Indeed, being a good writer is not the same thing as being a "higher-scoring GRE essay writer," says Orion Taraban, executive director of Stellar GRE, a tutoring company in San Francisco.
"Students really need to appreciate that they're writing for a machine ... [and when students] agonize over crafting beautiful, wonderfully logically coherent and empirically validated paragraphs, it's like pearls before swine. The computer can't appreciate what this person has done and they don't get the score that they deserve."
Instead, Taraban tutors students to give the computer what it wants. "I train them in fabricating evidence and fabricating fake studies, which is a lot of fun," he says, quickly adding, "but I also tell them not to do this in real life."
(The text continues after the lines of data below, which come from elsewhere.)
(* Let $\mathscr{A},\mathscr{B}$ be $\sigma$-structures and $k>0$. Then $\mathscr{A}\leftrightarrow^{\mathbb{E}}_k\mathscr{B}$ (there is a non-empty locally invertible pair from $\mathscr{A}$ to $\mathscr{B}$) if and only if Duplicator has a winning strategy in the back-and-forth $\mathbb{E}_k$ game between $\mathscr{A}$ and $\mathscr{B}$.
   Context: $\mathbb{E}_k A=A^{\le k}$ is the set of non-empty sequences over $A$ of length $\le k$, forest-ordered by prefix $\sqsubseteq$; add the empty sequence $\bot$ as root; $s\prec s'$ means $s'$ extends $s$ by exactly one element. For any function $f:A^{\le k}\to B$, $f^*:A^{\le k}\to B^{\le k}$ is $f^*[a_1,\dots,a_j]=[f[a_1],f[a_1,a_2],\dots,f[a_1,\dots,a_j]]$ (and $f^*(\bot)=\bot$). $\mathsf{W}_{\mathscr{A},\mathscr{B}}$ is the set of pairs $(s,t)$ with $s=[a_1,\dots,a_j]$, $t=[b_1,\dots,b_j]$ of equal length such that $\{(a_i,b_i)\}$ is a partial isomorphism: $a_i=a_l\iff b_i=b_l$, and for every $n$-ary $R\in\sigma$ and indices $i_1,\dots,i_n$, $R^{\mathscr{A}}(a_{i_1},\dots,a_{i_n})\iff R^{\mathscr{B}}(b_{i_1},\dots,b_{i_n})$. $\mathcal{S}(\mathscr{A},\mathscr{B})$ is the set of functions $f:A^{\le k}\to B$ with $(s,f^*(s))\in\mathsf{W}_{\mathscr{A},\mathscr{B}}$ for all $s\in A^{\le k}$ (such $f$ are homomorphisms $\mathbb{E}_k\mathscr{A}\to\mathscr{B}$, where $\mathbb{E}_k\mathscr{A}$ has $R(s_1,\dots,s_n)$ iff the $s_i$ are pairwise prefix-comparable and $R^{\mathscr{A}}$ holds of their last elements). A locally invertible pair from $\mathscr{A}$ to $\mathscr{B}$ is a pair $(F,G)$ with $F\subseteq\mathcal{S}(\mathscr{A},\mathscr{B})$, $G\subseteq\mathcal{S}(\mathscr{B},\mathscr{A})$ such that: for all $f\in F$ and $s\in A^{\le k}$ there is $g\in G$ with $g^*f^*(s)=s$; and for all $g\in G$ and $t\in B^{\le k}$ there is $f\in F$ with $f^*g^*(t)=t$. It is non-empty if $F$ (equivalently $G$) is non-empty. The back-and-forth $\mathbb{E}_k$ game: positions are pairs $(s,t)$, initially $(\bot,\bot)$. In each round, either Spoiler chooses $s'\succ s$ and Duplicator responds with $t'\succ t$, giving $(s',t')$, or Spoiler chooses $t''\succ t$ and Duplicator responds with $s''\succ s$, giving $(s'',t'')$; Duplicator wins the round if the new position is in $\mathsf{W}_{\mathscr{A},\mathscr{B}}$. The game continues while moves are available (at most $k$ rounds); a winning strategy for Duplicator wins every round. *)

theory Defs
  imports Main
begin

text \<open>A sigma-structure: the signature is a type 'r of relation symbols with an
arity function; a structure over universe type 'a interprets each symbol R as a
predicate on lists of length arity R (values on other lengths are irrelevant).\<close>

type_synonym ('r, 'a) struc = "'r \<Rightarrow> 'a list \<Rightarrow> bool"

text \<open>Domain of E_k: non-empty sequences of length at most k (the root is []).\<close>
definition seqs :: "nat \<Rightarrow> 'a list set" where
  "seqs k = {s. s \<noteq> [] \<and> length s \<le> k}"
For example, when writing a persuasive essay, Taraban advises students to use a basic formula and get creative. It goes something like this:
"A [pick any year] study by Professor [fill in any old name] at the [insert your favorite university] in which the authors analyze [summarize the crux of the debate here], researchers discovered that [insert compelling data here] ... and that [offer more invented, persuasive evidence here.] This demonstrates that [go to town boosting your thesis here!]"
His students do this all the time, using the name of say, their roommate, and citing that fake expert's fake research to bolster their argument. More often than not, they've been rewarded with great scores.
"Yeah, we see a lot of that," concedes Madnani, who works for ETS on the GRE automated scoring program. "But it's not the end of the world." Even human readers, who may have two minutes to read each essay, would not take the time to fact check those kind of details, he says. "But if the goal of the assessment is to test whether you are a good English writer, then the facts are secondary."
It's a different story on achievement tests that are meant to test a student's mastery of history, for example. In those cases it would matter if a student writes that the War of 1812 began in 1945. AI systems can check facts against a database, he says, but that only works on very narrow questions. "If you might have millions of facts that could come in, there's no possible way any automated system could verify all of them," he says. "So that's why we have humans in the loop."
Ultimately, he says, computer programs are doing what they were designed to do: to assess whether a student knows how to construct an essay, with a thesis, evidence, and a conclusion, all in good English. It's true that a transitional phrase like "in conclusion" signals to the algorithm that you've got one, just as "firstly," "secondly," and "thirdly," broadcasts that a student is moving through a multifaceted argument. Purists may turn their nose up at that kind of formulaic writing, but as developers note, the computers learn what good writing is from teachers, and just mirror that. "Only if teachers think that writing 'in conclusion' is a good structure to use, then students will tend to be rewarded for it," says Foltz, from Pearson.
So, in conclusion, robo-grading technology may indeed be "demonstrating proficiency" and "learning new skills." But experts say, it's also still got plenty of "room for improvement."